To quickly chill, place bowl with yogurt mixture into a larger bowl. Fill that bowl with ice water to come halfway up the sides. Let stand until mixture is chilled, stirring occasionally, about 15 minutes.
- 1/4 cup juice and zest from 1 navel orange, plus more zest for garnish (optional)
- 1 1/2 cups heavy cream
- 3/4 cup sugar
- 1/8 teaspoon salt
- 1 (1/4 ounce) packet unflavored gelatin
- 1 container (32 ounces) plain low-fat yogurt
- 1/4 cup pistachios, chopped
In a saucepan, combine orange zest, 1/2 cup cream, sugar, and salt over medium heat. Bring to a simmer, stirring occasionally, until sugar has dissolved, about 5 minutes. Remove from heat, cover, and let steep 20 minutes.

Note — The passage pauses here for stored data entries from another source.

lemma linear_relation_of_differences:
  assumes K: "subfield K" and "finite I" and "i0 \<in> I" and \<mu>: "\<forall>i\<in>I - {i0}. \<mu> i \<in> K"
    and c': "\<forall>i\<in>I - {i0}. c' i \<in> K" "\<exists>i\<in>I - {i0}. c' i \<noteq> 0"
      "(\<Sum>i\<in>I - {i0}. c' i * (w i - \<mu> i * w i0)) = 0"
  shows "\<exists>c. (\<forall>i\<in>I. c i \<in> K) \<and> (\<exists>i\<in>I. c i \<noteq> 0) \<and> (\<Sum>i\<in>I. c i * w i) = 0"
proof -
  define c where "c i = (if i = i0 then - (\<Sum>j\<in>I - {i0}. c' j * \<mu> j) else c' i)" for i
  have "\<forall>i\<in>I. c i \<in> K"
    using c'(1) \<mu> by (auto simp: c_def intro!: subfield_uminus[OF K] subfield_sum[OF K] subfield_mult[OF K])
  moreover have "\<exists>i\<in>I. c i \<noteq> 0" using c'(2) by (auto simp: c_def)
  moreover have "(\<Sum>i\<in>I. c i * w i) = c i0 * w i0 + (\<Sum>i\<in>I - {i0}. c' i * w i)"
    using assms(2,3) by (simp add: sum.remove c_def)
  moreover have "(\<Sum>i\<in>I - {i0}. c' i * (w i - \<mu> i * w i0))
      = (\<Sum>i\<in>I - {i0}. c' i * w i) - (\<Sum>j\<in>I - {i0}. c' j * \<mu> j) * w i0"
    by (simp add: right_diff_distrib sum_subtractf sum_distrib_left sum_distrib_right ac_simps)
  ultimately show ?thesis using c'(3) by (intro exI[of _ c]) (simp add: c_def)
qed

text \<open>A Steinitz-type exchange: eliminate the last generator from all vectors but one.\<close>

lemma span_over_linear_dependent:
  assumes K: "subfield K" and "finite B" and "finite I" and "card B < card I"
    and "\<And>i. i \<in> I \<Longrightarrow> w i \<in> span_over K B"
  shows "\<exists>c. (\<forall>i\<in>I. c i \<in> K) \<and> (\<exists>i\<in>I. c i \<noteq> 0) \<and> (\<Sum>i\<in>I. c i * w i) = 0"
  using assms(2-5)
proof (induction B arbitrary: I w rule: finite_induct)
  case empty
  then obtain i0 where "i0 \<in> I" by fastforce
  moreover have "\<And>i. i \<in> I \<Longrightarrow> w i = 0" using empty by (auto dest: span_over_empty)
  ultimately show ?case using subfield_one[OF K] by (intro exI[of _ "\<lambda>_. 1"]) auto
next
  case (insert b B I w)
  have "\<forall>i\<in>I. \<exists>l\<in>K. w i - l * b \<in> span_over K B"
    using insert.prems(3) span_over_insert[OF K] by blast
  then obtain lam where lam: "\<And>i. i \<in> I \<Longrightarrow> lam i \<in> K"
    "\<And>i. i \<in> I \<Longrightarrow> w i - lam i * b \<in> span_over K B"
    by metis
  have card_insert: "card (insert b B) = Suc (card B)" using insert by simp
  show ?case
  proof (cases "\<forall>i\<in>I. lam i = 0")
    case True
    then have "\<And>i. i \<in> I \<Longrightarrow> w i \<in> span_over K B" using lam by auto
    then show ?thesis using insert.IH[of I w] insert.prems card_insert by auto
  next
    case False
    then obtain i0 where i0: "i0 \<in> I" "lam i0 \<noteq> 0" by auto
    define w' where "w' i = w i - (lam i / lam i0) * w i0" for i
    have w': "w' i \<in> span_over K B" if "i \<in> I - {i0}" for i
    proof -
      have "w' i = (w i - lam i * b) - (lam i / lam i0) * (w i0 - lam i0 * b)"
        using i0 by (simp add: w'_def algebra_simps)
      moreover have "(lam i / lam i0) * (w i0 - lam i0 * b) \<in> span_over K B"
        using lam i0 that by (intro span_over_smult subfield_divide[OF K]) auto
      ultimately show ?thesis using lam that by (auto intro: span_over_diff[OF K])
    qed
    have "finite (I - {i0})" "card B < card (I - {i0})" using insert.prems card_insert i0 by auto
    then obtain c' where "\<forall>i\<in>I - {i0}. c' i \<in> K" "\<exists>i\<in>I - {i0}. c' i \<noteq> 0"
        "(\<Sum>i\<in>I - {i0}. c' i * w' i) = 0"
      using insert.IH[of "I - {i0}" w'] w' by blast
    moreover have "\<forall>i\<in>I - {i0}. lam i / lam i0 \<in> K"
      using lam i0 by (auto intro: subfield_divide[OF K])
    ultimately show ?thesis
      using linear_relation_of_differences[OF K insert.prems(1) i0(1)] by (simp add: w'_def)
  qed
qed

section \<open>Polynomials and transcendence degree\<close>

definition exp_box :: "nat \<Rightarrow> nat \<Rightarrow> (nat \<Rightarrow> nat) set" where
  "exp_box n M = {\<beta>. (\<forall>i<n. \<beta> i \<le> M) \<and> (\<forall>i\<ge>n. \<beta> i = 0)}"

lemma card_exp_box: "card (exp_box n M) = Suc M ^ n"
  and finite_exp_box: "finite (exp_box n M)"
proof -
  have b: "bij_betw (\<lambda>\<beta>. restrict \<beta> {..<n}) (exp_box n M) (PiE {..<n} (\<lambda>_. {..M}))"
    by (rule bij_betw_byWitness[where f' = "\<lambda>f i. if i < n then f i else 0"])
       (auto simp: exp_box_def fun_eq_iff PiE_def extensional_def Pi_def)
  show "card (exp_box n M) = Suc M ^ n" using bij_betw_same_card[OF b] by (simp add: card_PiE)
  show "finite (exp_box n M)" using bij_betw_finite[OF b] by (simp add: finite_PiE)
qed

lemma exp_box_add: "f \<in> exp_box n a \<Longrightarrow> f' \<in> exp_box n b \<Longrightarrow> (\<lambda>i. f i + f' i) \<in> exp_box n (a + b)"
  by (auto simp: exp_box_def intro: add_mono)

lemma exp_box_mono: "a \<le> b \<Longrightarrow> f \<in> exp_box n a \<Longrightarrow> f \<in> exp_box n b"
  by (auto simp: exp_box_def)

lemma zero_in_exp_box: "(\<lambda>_. 0) \<in> exp_box n M"
  by (simp add: exp_box_def)

lemma mpeval_cong: "(\<And>i. i < n \<Longrightarrow> x i = x' i) \<Longrightarrow> mpeval n c x = mpeval n c x'"
  unfolding mpeval_def by (intro sum.cong refl arg_cong2[where f = "(*)"] prod.cong) auto

lemma is_mpoly_by_embedding:
  assumes "finite {\<alpha>. P \<alpha> \<noteq> 0}"
    and emb: "\<And>\<beta>. c \<beta> \<noteq> 0 \<Longrightarrow> P (h \<beta>) \<noteq> 0 \<and> h' (h \<beta>) = \<beta> \<and> c \<beta> \<in> K \<and> (\<forall>i\<ge>n. \<beta> i = 0)"
  shows "is_mpoly K n c"
proof -
  have "{\<beta>. c \<beta> \<noteq> 0} \<subseteq> h' ` {\<alpha>. P \<alpha> \<noteq> 0}"
  proof
    fix \<beta> assume "\<beta> \<in> {\<beta>. c \<beta> \<noteq> 0}"
    with emb have "P (h \<beta>) \<noteq> 0" "\<beta> = h' (h \<beta>)" by auto
    then show "\<beta> \<in> h' ` {\<alpha>. P \<alpha> \<noteq> 0}" by blast
  qed
  then have "finite {\<beta>. c \<beta> \<noteq> 0}"
    using assms(1) finite_subset by blast
  then show ?thesis
    unfolding is_mpoly_def using emb by blast
qed

lemma mpoly_drop_last_var:
  assumes "is_mpoly K (Suc n) c" and last: "\<forall>\<alpha>. c \<alpha> \<noteq> 0 \<longrightarrow> \<alpha> n = 0"
  shows "is_mpoly K n c" and "mpeval (Suc n) c x = mpeval n c x"
proof -
  have "\<alpha> i = 0" if "c \<alpha> \<noteq> 0" "n \<le> i" for \<alpha> i
    using assms(1) last that by (cases "i = n") (auto simp: is_mpoly_def)
  then show "is_mpoly K n c" using assms(1) by (simp add: is_mpoly_def)
  have "(\<Prod>i<Suc n. x i ^ \<alpha> i) = (\<Prod>i<n. x i ^ \<alpha> i)" if "c \<alpha> \<noteq> 0" for \<alpha>
  proof -
    have "\<alpha> n = 0" using last that by blast
    then show ?thesis by simp
  qed
  then show "mpeval (Suc n) c x = mpeval n c x"
    unfolding mpeval_def by (intro sum.cong) auto
qed

lemma mpeval_constant_nonzero:
  assumes "is_mpoly K 0 c" and "mpoly_nonzero c"
  shows "mpeval 0 c x \<noteq> 0"
proof -
  have "\<alpha> = (\<lambda>_. 0)" if "c \<alpha> \<noteq> 0" for \<alpha>
    using assms(1) that by (auto simp: is_mpoly_def)
  then have "{\<alpha>. c \<alpha> \<noteq> 0} = {\<lambda>_. 0}"
    using assms(2) unfolding mpoly_nonzero_def by blast
  moreover from this have "c (\<lambda>_. 0) \<noteq> 0" by blast
  ultimately show ?thesis by (simp add: mpeval_def)
qed

lemma prod_clear_denominators:
  fixes p q x :: "nat \<Rightarrow> 'a::field"
  assumes frac: "\<And>j. j < n \<Longrightarrow> q j \<noteq> 0 \<and> x j = p j / q j" and \<alpha>: "\<alpha> \<in> exp_box n d"
  shows "(\<Prod>j<n. q j ^ (d - \<alpha> j) * p j ^ \<alpha> j) = (\<Prod>j<n. q j ^ d) * (\<Prod>j<n. x j ^ \<alpha> j)"
proof -
  have "(\<Prod>j<n. q j ^ (d - \<alpha> j) * p j ^ \<alpha> j) = (\<Prod>j<n. q j ^ d * x j ^ \<alpha> j)"
  proof (rule prod.cong)
    fix j assume "j \<in> {..<n}"
    then have "q j ^ d = q j ^ (d - \<alpha> j) * q j ^ \<alpha> j"
      using \<alpha> by (simp add: exp_box_def power_add[symmetric])
    then show "q j ^ (d - \<alpha> j) * p j ^ \<alpha> j = q j ^ d * x j ^ \<alpha> j"
      using frac \<open>j \<in> {..<n}\<close> by (simp add: power_divide)
  qed simp
  then show ?thesis by (simp add: prod.distrib)
qed

text \<open>The counting inequality behind the dependence of \<open>m + 1\<close> elements: the \<open>(d+1)\<^sup>m\<^sup>+\<^sup>1\<close>
  monomials outnumber the \<open>g (M+1)\<^sup>m\<close> reduced monomials they are mapped into.\<close>

lemma box_count_exceeds:
  fixes g C d N0 m e N M :: nat
  assumes "C = (Suc m * N0 + 1) * (e + 1)" "d = g * C ^ m" "N = Suc m * (d * N0)" "M = N + Suc N * e"
  shows "g * Suc M ^ m < Suc d ^ Suc m"
proof -
  have "Suc N \<le> Suc d * (Suc m * N0 + 1)" using assms(3) by (simp add: algebra_simps)
  then have "Suc N * Suc e \<le> Suc d * (Suc m * N0 + 1) * Suc e" by (rule mult_le_mono1)
  then have "Suc M \<le> Suc d * C" using assms(1,4) by (simp only: mult.assoc Suc_eq_plus1) simp
  then have "g * Suc M ^ m \<le> g * (Suc d * C) ^ m" by (simp add: power_mono)
  also have "\<dots> = d * Suc d ^ m" using assms(2) by (simp only: power_mult_distrib ac_simps)
  also have "\<dots> < Suc d * Suc d ^ m" by simp
  finally show ?thesis by simp
qed

lemma not_distinct_vanishing_mpoly:
  assumes K: "subfield K" and "\<not> distinct xs"
  shows "\<exists>c. is_mpoly K (length xs) c \<and> mpoly_nonzero c \<and> mpeval (length xs) c ((!) xs) = 0"
proof -
  obtain i j where ij: "i < length xs" "j < length xs" "i \<noteq> j" "xs ! i = xs ! j"
    using assms(2) unfolding distinct_conv_nth by blast
  define ei where "ei = (\<lambda>k::nat. if k = i then 1 else (0::nat))"
  define ej where "ej = (\<lambda>k::nat. if k = j then 1 else (0::nat))"
  have neq: "ei \<noteq> ej" using ij by (auto simp: ei_def ej_def fun_eq_iff)
  define c where "c \<alpha> = (if \<alpha> = ei then 1 else if \<alpha> = ej then -1 else (0::'a))" for \<alpha>
  have supp: "{\<alpha>. c \<alpha> \<noteq> 0} = {ei, ej}" using neq by (auto simp: c_def)
  have "is_mpoly K (length xs) c"
    unfolding is_mpoly_def supp
  proof (intro conjI allI impI)
    fix \<alpha> assume "c \<alpha> \<noteq> 0"
    then show "c \<alpha> \<in> K"
      using subfield_one[OF K] subfield_uminus[OF K subfield_one[OF K]] by (auto simp: c_def split: if_splits)
    fix k assume "length xs \<le> k"
    then show "\<alpha> k = 0" using \<open>c \<alpha> \<noteq> 0\<close> ij by (auto simp: c_def ei_def ej_def split: if_splits)
  qed simp
  moreover have "mpoly_nonzero c" by (auto simp: mpoly_nonzero_def c_def)
  moreover have "mpeval (length xs) c ((!) xs) = 0"
  proof -
    have "(\<Prod>k<length xs. (xs ! k) ^ ei k) = xs ! i" "(\<Prod>k<length xs. (xs ! k) ^ ej k) = xs ! j"
      using ij by (simp_all add: ei_def ej_def if_distrib[of "\<lambda>n. _ ^ n"] prod.delta cong: if_cong)
    moreover have "mpeval (length xs) c ((!) xs)
        = c ei * (\<Prod>k<length xs. (xs ! k) ^ ei k) + c ej * (\<Prod>k<length xs. (xs ! k) ^ ej k)"
      unfolding mpeval_def supp using neq by simp
    ultimately show ?thesis using neq ij by (simp add: c_def)
  qed
  ultimately show ?thesis by blast
qed

lemma not_alg_indep_vanishing_mpoly:
  assumes "subfield K" and "\<not> alg_indep K xs"
  shows "\<exists>c. is_mpoly K (length xs) c \<and> mpoly_nonzero c \<and> mpeval (length xs) c ((!) xs) = 0"
  using assms not_distinct_vanishing_mpoly[OF assms(1)] by (auto simp: alg_indep_def)

lemma alg_indep_length_le_trdeg:
  "set xs \<subseteq> E \<Longrightarrow> alg_indep K xs \<Longrightarrow> enat (length xs) \<le> trdeg K E"
  unfolding trdeg_def by (rule Sup_upper) blast

lemma trdeg_le_if_dependent:
  assumes "\<And>xs. set xs \<subseteq> E \<Longrightarrow> n < length xs \<Longrightarrow> \<not> alg_indep K xs"
  shows "trdeg K E \<le> enat n"
  unfolding trdeg_def
proof (rule Sup_least)
  fix x assume "x \<in> {enat (length xs) |xs. set xs \<subseteq> E \<and> alg_indep K xs}"
  then obtain xs where "x = enat (length xs)" "set xs \<subseteq> E" "alg_indep K xs" by blast
  then show "x \<le> enat n" using assms[of xs] by (meson enat_ord_simps(1) not_le)
qed

lemma not_alg_indep_if_box_relation:
  assumes "n \<le> length xs" and "\<forall>\<alpha>\<in>exp_box n d. c \<alpha> \<in> K" and "\<exists>\<alpha>\<in>exp_box n d. c \<alpha> \<noteq> 0"
    and "(\<Sum>\<alpha>\<in>exp_box n d. c \<alpha> * (\<Prod>j<n. (xs ! j) ^ \<alpha> j)) = 0"
  shows "\<not> alg_indep K xs"
proof -
  define I where "I = exp_box n d"
  define c' where "c' \<beta> = (if \<beta> \<in> I then c \<beta> else 0)" for \<beta>
  have fin: "finite I" by (simp add: I_def finite_exp_box)
  have supp: "{\<beta>. c' \<beta> \<noteq> 0} \<subseteq> I" by (auto simp: c'_def split: if_splits)
  have poly: "is_mpoly K (length xs) c'"
    unfolding is_mpoly_def
  proof (intro conjI allI impI)
    show "finite {\<beta>. c' \<beta> \<noteq> 0}" using supp fin by (rule finite_subset)
    fix \<beta> assume b: "c' \<beta> \<noteq> 0"
    then show "c' \<beta> \<in> K" using assms(2) by (auto simp: c'_def I_def split: if_splits)
    fix i assume "length xs \<le> i"
    then show "\<beta> i = 0" using b assms(1) by (auto simp: c'_def I_def exp_box_def split: if_splits)
  qed
  have nonzero: "mpoly_nonzero c'"
    using assms(3) by (auto simp: mpoly_nonzero_def c'_def I_def)
  have "mpeval (length xs) c' ((!) xs) = (\<Sum>\<beta>\<in>I. c' \<beta> * (\<Prod>i<length xs. (xs ! i) ^ \<beta> i))"
    unfolding mpeval_def by (rule sum.mono_neutral_left[OF fin supp]) auto
  also have "\<dots> = (\<Sum>\<alpha>\<in>I. c \<alpha> * (\<Prod>j<n. (xs ! j) ^ \<alpha> j))"
  proof (rule sum.cong)
    fix \<beta> assume "\<beta> \<in> I"
    then have "(\<Prod>i<length xs. (xs ! i) ^ \<beta> i) = (\<Prod>j<n. (xs ! j) ^ \<beta> j)"
      using assms(1) by (intro prod.mono_neutral_right) (auto simp: I_def exp_box_def)
    then show "c' \<beta> * (\<Prod>i<length xs. (xs ! i) ^ \<beta> i) = c \<beta> * (\<Prod>j<n. (xs ! j) ^ \<beta> j)"
      using \<open>\<beta> \<in> I\<close> by (simp add: c'_def)
  qed simp
  also have "\<dots> = 0" using assms(4) by (simp add: I_def)
  finally show ?thesis using poly nonzero by (auto simp: alg_indep_def)
qed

Pour orange juice into a medium bowl; sprinkle with gelatin and let soften, 5 minutes. Bring cream and sugar mixture to a simmer again; pour through a fine-mesh sieve onto gelatin, pressing on zest to extract flavor. Discard zest. Whisk until gelatin has dissolved, about 1 minute. Gradually whisk in yogurt. Cover and refrigerate 30 minutes, or use quick-chill method.
In a medium bowl, with an electric mixer, beat remaining 1 cup cream until soft peaks form. Fold gently into yogurt mixture. Divide among 6 glasses, and cover each with plastic wrap; refrigerate at least 6 hours or overnight. To serve, sprinkle with pistachios and, if desired, orange zest.